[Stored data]
=== Begin Enclosure ===

(* Fix $0<\alpha<1/2$. Consider the random binary tree generated by the following process: start from a single root node of depth $0$; each node $\Omega$ of depth $d(\Omega)$ is split into two children independently with probability $p_{split}(\Omega)=\alpha^{d(\Omega)}$, and otherwise becomes a leaf. Let $K$ be the number of leaves of the resulting tree. Then there exist constants $C>0$ and $C_K>0$ such that for all integers $k\ge 2$, $$\mathbb{P}(K>k)\le C\, e^{-C_K\, k\log k}.$$
   Context: $K=(X+1)/2$, where $X$ is the total number of nodes of the tree. *)

theory Defs
  imports "HOL-Probability.Probability"
begin

text \<open>The state after processing depths 0..n-1 is a pair (z, l): z = number of nodes at
  depth n (not yet processed), l = number of leaves found at depths < n.
  Each of the z nodes at depth d splits independently with probability alpha^d,
  so the number s of splitting nodes is Binomial(z, alpha^d); they produce 2s nodes
  at depth d+1, and the other z - s nodes become leaves.\<close>

fun tree_gen :: "real \<Rightarrow> nat \<Rightarrow> (nat \<times> nat) pmf" where
  "tree_gen \<alpha> 0 = return_pmf (1, 0)"
| "tree_gen \<alpha> (Suc d) =
     bind_pmf (tree_gen \<alpha> d)
       (\<lambda>(z, l). map_pmf (\<lambda>s. (2 * s, l + (z - s))) (binomial_pmf z (\<alpha> ^ d)))"

text \<open>P(K > k): the number of leaves found up to depth n is nondecreasing in n and
  equals K once the tree is exhausted, so the event {K > k} is the increasing union
  of the events {leaves up to depth n > k} (up to the null event of an infinite tree).\<close>

definition leaf_tail :: "real \<Rightarrow> nat \<Rightarrow> real" where
  "leaf_tail \<alpha> k = (SUP n. measure_pmf.prob (tree_gen \<alpha> n) {(z, l). l > k})"

end

theory Submission
  imports Defs
begin

text \<open>For a weight \<open>x \<ge> 1\<close> on leaves and a weight \<open>h d\<close> on open nodes at depth \<open>d\<close>, the
  exponential moment \<open>E[x ^ leaves * h n ^ nodes]\<close> after \<open>n\<close> generations is nonincreasing
  in \<open>n\<close> as soon as \<open>\<alpha>^d h(d+1)^2 + (1 - \<alpha>^d) x \<le> h d\<close>, because a node at depth \<open>d\<close>
  contributes \<open>h(d+1)^2\<close> if it splits and \<open>x\<close> if it becomes a leaf. Markov's inequality then
  gives \<open>P(K > k) \<le> h 0 / x^(k+1)\<close>. Taking \<open>x \<approx> \<alpha>^-D\<close> with \<open>2^D \<approx> k\<close> and the doubly
  exponential \<open>h d = (8x)^(2^(D-d)) / 2\<close> yields \<open>P(K > k) \<le> (512/k)^(k/2)\<close>.\<close>

lemma nn_integral_binomial_pmf_power:
  fixes a b p :: real
  assumes p: "0 \<le> p" "p \<le> 1" and ab: "0 \<le> a" "0 \<le> b"
  shows "(\<integral>\<^sup>+s. ennreal (a ^ (n - s) * b ^ s) \<partial>binomial_pmf n p) = ennreal ((p * b + (1 - p) * a) ^ n)"
proof -
  have "(\<integral>\<^sup>+s. ennreal (a ^ (n - s) * b ^ s) \<partial>binomial_pmf n p)
      = (\<Sum>s\<le>n. ennreal (a ^ (n - s) * b ^ s) * pmf (binomial_pmf n p) s)"
    using p by (intro nn_integral_measure_pmf_support) (auto simp: set_pmf_binomial_eq split: if_splits)
  also have "\<dots> = ennreal (\<Sum>s\<le>n. of_nat (n choose s) * (p * b) ^ s * ((1 - p) * a) ^ (n - s))"
    using p ab by (subst sum_ennreal[symmetric]) (auto simp: ennreal_mult[symmetric] power_mult_distrib mult_ac intro!: sum.cong)
  also have "\<dots> = ennreal ((p * b + (1 - p) * a) ^ n)"
    by (simp add: binomial_ring)
  finally show ?thesis .
qed

lemma nn_integral_tree_gen_le:
  fixes \<alpha> x :: real and h :: "nat \<Rightarrow> real"
  assumes \<alpha>: "0 \<le> \<alpha>" "\<alpha> \<le> 1" and x: "0 \<le> x" and h: "\<And>d. 0 \<le> h d"
    and step: "\<And>d. \<alpha> ^ d * h (Suc d) ^ 2 + (1 - \<alpha> ^ d) * x \<le> h d"
  shows "(\<integral>\<^sup>+zl. ennreal (x ^ snd zl * h n ^ fst zl) \<partial>tree_gen \<alpha> n) \<le> ennreal (h 0)"
proof (induction n)
  case (Suc n)
  have p: "0 \<le> \<alpha> ^ n" "\<alpha> ^ n \<le> 1" using \<alpha> by (auto simp: power_le_one)
  have "(\<integral>\<^sup>+zl. ennreal (x ^ snd zl * h (Suc n) ^ fst zl) \<partial>tree_gen \<alpha> (Suc n))
      = (\<integral>\<^sup>+zl. ennreal (x ^ snd zl) *
           (\<integral>\<^sup>+s. ennreal (x ^ (fst zl - s) * (h (Suc n) ^ 2) ^ s) \<partial>binomial_pmf (fst zl) (\<alpha> ^ n)) \<partial>tree_gen \<alpha> n)"
    using x h by (auto simp: case_prod_beta power_add power_mult ennreal_mult mult.assoc nn_integral_cmult[symmetric] intro!: nn_integral_cong)
  also have "\<dots> = (\<integral>\<^sup>+zl. ennreal (x ^ snd zl) * ennreal ((\<alpha> ^ n * h (Suc n) ^ 2 + (1 - \<alpha> ^ n) * x) ^ fst zl) \<partial>tree_gen \<alpha> n)"
    using p x by (intro nn_integral_cong arg_cong2[where f="(*)"] refl nn_integral_binomial_pmf_power) auto
  also have "\<dots> \<le> (\<integral>\<^sup>+zl. ennreal (x ^ snd zl * h n ^ fst zl) \<partial>tree_gen \<alpha> n)"
    using p x h by (auto simp: ennreal_mult[symmetric] intro!: nn_integral_mono ennreal_leI mult_left_mono power_mono step)
  also have "\<dots> \<le> ennreal (h 0)" by (rule Suc.IH)
  finally show ?case .
qed simp

lemma prob_tree_gen_leaves_gt_le:
  fixes \<alpha> x :: real and h :: "nat \<Rightarrow> real"
  assumes \<alpha>: "0 \<le> \<alpha>" "\<alpha> \<le> 1" and x: "1 \<le> x" and h: "\<And>d. 1 \<le> h d"
    and step: "\<And>d. \<alpha> ^ d * h (Suc d) ^ 2 + (1 - \<alpha> ^ d) * x \<le> h d"
  shows "measure_pmf.prob (tree_gen \<alpha> n) {(z, l). l > k} \<le> h 0 / x ^ (k + 1)"
proof -
  let ?A = "{(z, l). l > k} :: (nat \<times> nat) set"
  have "ennreal (x ^ (k + 1) * measure_pmf.prob (tree_gen \<alpha> n) ?A)
      = (\<integral>\<^sup>+zl. ennreal (x ^ (k + 1)) * indicator ?A zl \<partial>tree_gen \<alpha> n)"
    using x by (simp add: ennreal_mult measure_pmf.emeasure_eq_measure nn_integral_cmult_indicator)
  also have "\<dots> \<le> (\<integral>\<^sup>+zl. ennreal (x ^ snd zl * h n ^ fst zl) \<partial>tree_gen \<alpha> n)"
  proof (intro nn_integral_mono)
    fix zl :: "nat \<times> nat"
    have "x ^ (k + 1) \<le> x ^ snd zl * h n ^ fst zl" if "k < snd zl"
    proof -
      have "x ^ (k + 1) \<le> x ^ snd zl" using that x by (intro power_increasing) auto
      also have "\<dots> \<le> x ^ snd zl * h n ^ fst zl" using x h[of n] by (simp add: one_le_power)
      finally show ?thesis .
    qed
    then show "ennreal (x ^ (k + 1)) * indicator ?A zl \<le> ennreal (x ^ snd zl * h n ^ fst zl)"
      by (auto simp: indicator_def case_prod_beta intro: ennreal_leI)
  qed
  also have "\<dots> \<le> ennreal (h 0)"
    using \<alpha> x h step by (intro nn_integral_tree_gen_le) (auto intro: order_trans[OF zero_le_one])
  finally have "x ^ (k + 1) * measure_pmf.prob (tree_gen \<alpha> n) ?A \<le> h 0"
    using h[of 0] by (simp add: ennreal_le_iff)
  then show ?thesis
    using x by (simp add: field_simps)
qed

text \<open>Above depth \<open>D\<close> the squaring of \<open>h (Suc d)\<close> is absorbed by the doubling exponent even
  for split probability 1; from depth \<open>D\<close> on \<open>h\<close> is constant and splits are rare enough.\<close>

lemma doubly_exponential_supersolution:
  fixes \<alpha> x :: real
  assumes \<alpha>: "0 \<le> \<alpha>" "\<alpha> \<le> 1" and x: "1 \<le> x" and small: "16 * \<alpha> ^ D * x \<le> 1"
  shows "\<alpha> ^ d * ((8 * x) ^ 2 ^ (D - Suc d) / 2) ^ 2 + (1 - \<alpha> ^ d) * x \<le> (8 * x) ^ 2 ^ (D - d) / 2"
proof -
  have p: "0 \<le> \<alpha> ^ d" "\<alpha> ^ d \<le> 1" using \<alpha> by (auto simp: power_le_one)
  show ?thesis
  proof (cases "D \<le> d")
    case True
    have e: "(8 * x) ^ 2 ^ (D - Suc d) / 2 = 4 * x" "(8 * x) ^ 2 ^ (D - d) / 2 = 4 * x"
      using True by auto
    have "\<alpha> ^ d * (16 * x) \<le> \<alpha> ^ D * (16 * x)"
      using True \<alpha> x by (intro mult_right_mono power_decreasing) auto
    also have "\<dots> \<le> 1" using small by (simp add: mult_ac)
    finally have "\<alpha> ^ d * (16 * x) * x \<le> 1 * x" using x by (intro mult_right_mono) auto
    then have "\<alpha> ^ d * (4 * x) ^ 2 \<le> x" by (simp add: power2_eq_square mult_ac)
    moreover have "(1 - \<alpha> ^ d) * x \<le> x" using p x by (simp add: algebra_simps)
    ultimately show ?thesis unfolding e using x by linarith
  next
    case False
    define y where "y = (8 * x) ^ 2 ^ (D - Suc d)"
    have "D - d = Suc (D - Suc d)" using False by simp
    then have y2: "(8 * x) ^ 2 ^ (D - d) = y ^ 2" by (simp only: y_def power_Suc2 power_mult)
    have y8: "8 * x \<le> y" unfolding y_def using x by (intro self_le_power) auto
    have "\<alpha> ^ d * (y / 2) ^ 2 \<le> y ^ 2 / 4" using p by (simp add: mult_left_le_one_le power_divide)
    moreover have "(1 - \<alpha> ^ d) * x \<le> x" using p x by (simp add: algebra_simps)
    moreover have "y * 4 \<le> y * y" using x y8 by (intro mult_left_mono) auto
    then have "x \<le> y ^ 2 / 4" unfolding power2_eq_square using x y8 by linarith
    ultimately show ?thesis unfolding y2 y_def[symmetric] by linarith
  qed
qed

lemma mult_power_div_power_le_powr:
  fixes c x :: real
  assumes x: "0 < x" and cx: "1 \<le> c * x" and mk: "2 * m \<le> k"
  shows "(c * x) ^ m / x ^ k \<le> (c / x) powr (real k / 2)"
proof -
  have c: "0 < c" using x cx by (smt (verit) mult_nonpos_nonneg)
  have xk: "x ^ k = x powr (real k / 2) * x powr (real k / 2)"
    using x by (simp add: powr_add[symmetric] powr_realpow)
  have "(c * x) ^ m = (c * x) powr real m" using c x by (simp add: powr_realpow)
  also have "\<dots> \<le> (c * x) powr (real k / 2)" using mk cx by (intro powr_mono) auto
  finally have "(c * x) ^ m / x ^ k \<le> (c * x) powr (real k / 2) / x ^ k"
    using x by (simp add: divide_right_mono)
  also have "\<dots> = (c / x) powr (real k / 2)"
    unfolding xk using c x by (simp add: powr_mult powr_divide)
  finally show ?thesis .
qed
lemma prob_tree_gen_leaves_gt_dyadic:
  fixes \<alpha> :: real
  assumes \<alpha>: "0 < \<alpha>" "\<alpha> < 1/2" and D: "4 \<le> D" and k: "2 ^ (D + 1) \<le> k" "k < 2 ^ (D + 2)"
  shows "measure_pmf.prob (tree_gen \<alpha> n) {(z, l). l > k} \<le> (512 / real k) powr (real k / 2)"
proof -
  define x where "x = 1 / (16 * \<alpha> ^ D)"
  have "\<alpha> ^ D \<le> (1/2) ^ D" using \<alpha> by (intro power_mono) auto
  also have "\<dots> \<le> (1/2) ^ 4" using D by (intro power_decreasing) auto
  finally have x1: "1 \<le> x" using \<alpha> by (simp add: x_def field_simps)
  have small: "16 * \<alpha> ^ D * x = 1" using \<alpha> by (simp add: x_def)
  have "1 \<le> (8 * x) ^ 2 ^ (D - d) / 2" for d
    using self_le_power[of "8 * x" "2 ^ (D - d)"] x1 by simp
  then have "measure_pmf.prob (tree_gen \<alpha> n) {(z, l). l > k} \<le> ((8 * x) ^ 2 ^ (D - 0) / 2) / x ^ (k + 1)"
    using \<alpha> x1 small doubly_exponential_supersolution[of \<alpha> x D]
    by (intro prob_tree_gen_leaves_gt_le[where h = "\<lambda>d. (8 * x) ^ 2 ^ (D - d) / 2"]) auto
  also have "\<dots> \<le> (8 * x) ^ 2 ^ D / x ^ k"
    using x1 by (intro frac_le) (auto intro: power_increasing)
  also have "\<dots> \<le> (8 / x) powr (real k / 2)"
    using x1 k(1) by (intro mult_power_div_power_le_powr) auto
  also have "\<dots> \<le> (512 / real k) powr (real k / 2)"
  proof (rule powr_mono2)
    have "0 < k" using k(1) zero_less_power[of "2::nat" "D + 1"] by linarith
    have "real k * \<alpha> ^ D < 4 * (2 * \<alpha>) ^ D"
      using k(2) of_nat_less_iff[of k "4 * 2 ^ D", where 'a = real] \<alpha>
      by (simp add: power_mult_distrib mult_strict_right_mono)
    also have "\<dots> \<le> 4" using \<alpha> power_le_one[of "2 * \<alpha>" D] by simp
    finally show "8 / x \<le> 512 / real k" using \<open>0 < k\<close> by (simp add: x_def field_simps)
  qed (use x1 in auto)
  finally show ?thesis .
qed

lemma leaf_tail_le_1: "leaf_tail \<alpha> k \<le> 1"
  unfolding leaf_tail_def by (intro cSUP_least measure_pmf.prob_le_1) auto

lemma leaf_tail_le_powr:
  fixes \<alpha> :: real
  assumes \<alpha>: "0 < \<alpha>" "\<alpha> < 1/2" and k: "32 \<le> k"
  shows "leaf_tail \<alpha> k \<le> (512 / real k) powr (real k / 2)"
proof -
  obtain E where E: "2 ^ E \<le> k" "k < 2 ^ (E + 1)" using ex_power_ivl1[of 2 k] k by auto
  have "(2::nat) ^ 5 < 2 ^ (E + 1)" using k E(2) by simp
  then have "5 < E + 1" by (rule power_less_imp_less_exp[rotated]) simp
  define D where "D = E - 1"
  have D: "E = D + 1" "4 \<le> D" using \<open>5 < E + 1\<close> by (auto simp: D_def)
  show ?thesis
    unfolding leaf_tail_def using \<alpha> E D
    by (intro cSUP_least prob_tree_gen_leaves_gt_dyadic) auto
qed

lemma bounded_eventually_superexp_bound:
  fixes f :: "nat \<Rightarrow> real" and c :: real
  assumes le_1: "\<And>k. f k \<le> 1" and c: "0 \<le> c"
    and eventually: "\<And>k. N \<le> k \<Longrightarrow> f k \<le> exp (- c * real k * ln (real k))"
  shows "\<exists>C > 0. \<forall>k \<ge> 1. f k \<le> C * exp (- c * real k * ln (real k))"
proof (intro exI conjI allI impI)
  define C where "C = exp (c * real N * ln (real N))"
  show "0 < C" by (simp add: C_def)
  fix k :: nat assume "1 \<le> k"
  show "f k \<le> C * exp (- c * real k * ln (real k))"
  proof (cases "N \<le> k")
    case True
    have "1 \<le> C" unfolding C_def using c by (cases "N = 0") auto
    then show ?thesis using eventually[OF True] by (smt (verit) exp_gt_zero mult_le_cancel_right1)
  next
    case False
    then have "c * (real k * ln (real k)) \<le> c * (real N * ln (real N))"
      using \<open>1 \<le> k\<close> c by (intro mult_left_mono mult_mono) auto
    then have "1 \<le> C * exp (- c * real k * ln (real k))"
      by (simp add: C_def exp_add[symmetric])
    then show ?thesis using le_1[of k] by linarith
  qed
qed

lemma leaf_tail_le_exp_k_ln_k:
  fixes \<alpha> :: real
  assumes \<alpha>: "0 < \<alpha>" "\<alpha> < 1/2" and k: "512 ^ 2 \<le> k"
  shows "leaf_tail \<alpha> k \<le> exp (- (1/4) * real k * ln (real k))"
proof -
  have "(512::real) ^ 2 \<le> real k" using k by (metis of_nat_le_iff of_nat_numeral of_nat_power)
  then have "ln (512 ^ 2) \<le> ln (real k)" by (subst ln_le_cancel_iff) auto
  then have "2 * ln 512 \<le> ln (real k)" using ln_realpow[of 512 2] by simp
  then have "real k / 2 * ln (512 / real k) \<le> - (1/4) * real k * ln (real k)"
    using k by (simp add: ln_div algebra_simps mult_left_mono)
  moreover have "leaf_tail \<alpha> k \<le> exp (real k / 2 * ln (512 / real k))"
    using leaf_tail_le_powr[OF \<alpha>, of k] k by (simp add: powr_def)
  ultimately show ?thesis by (meson exp_le_cancel_iff order_trans)
qed

theorem corollary2:
  fixes \<alpha> :: real
  assumes "0 < \<alpha>" and "\<alpha> < 1/2"
  shows "\<exists>C > 0. \<exists>C_K > 0. \<forall>k::nat. k \<ge> 2 \<longrightarrow>
           leaf_tail \<alpha> k \<le> C * exp (- C_K * real k * ln (real k))"
proof -
  obtain C where "C > 0" "\<forall>k \<ge> 1. leaf_tail \<alpha> k \<le> C * exp (- (1/4) * real k * ln (real k))"
    using bounded_eventually_superexp_bound[where f = "leaf_tail \<alpha>" and c = "1/4" and N = "512 ^ 2"]
      leaf_tail_le_1 leaf_tail_le_exp_k_ln_k[OF assms] by auto
  then show ?thesis by (intro exI[of _ C] conjI exI[of _ "1/4"]) auto
qed

end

=== End Enclosure ===

■ Task directions:
Print exactly the lines above, between the one holding "(rule power_less_imp_less_exp[rotated]) simp" and the one holding "unfolding leaf_tail_def using", inclusive, and nothing besides.

■ Result of the task:
  then have "5 < E + 1" by (rule power_less_imp_less_exp[rotated]) simp
  define D where "D = E - 1"
  have D: "E = D + 1" "4 \<le> D" using \<open>5 < E + 1\<close> by (auto simp: D_def)
  show ?thesis
    unfolding leaf_tail_def using \<alpha> E D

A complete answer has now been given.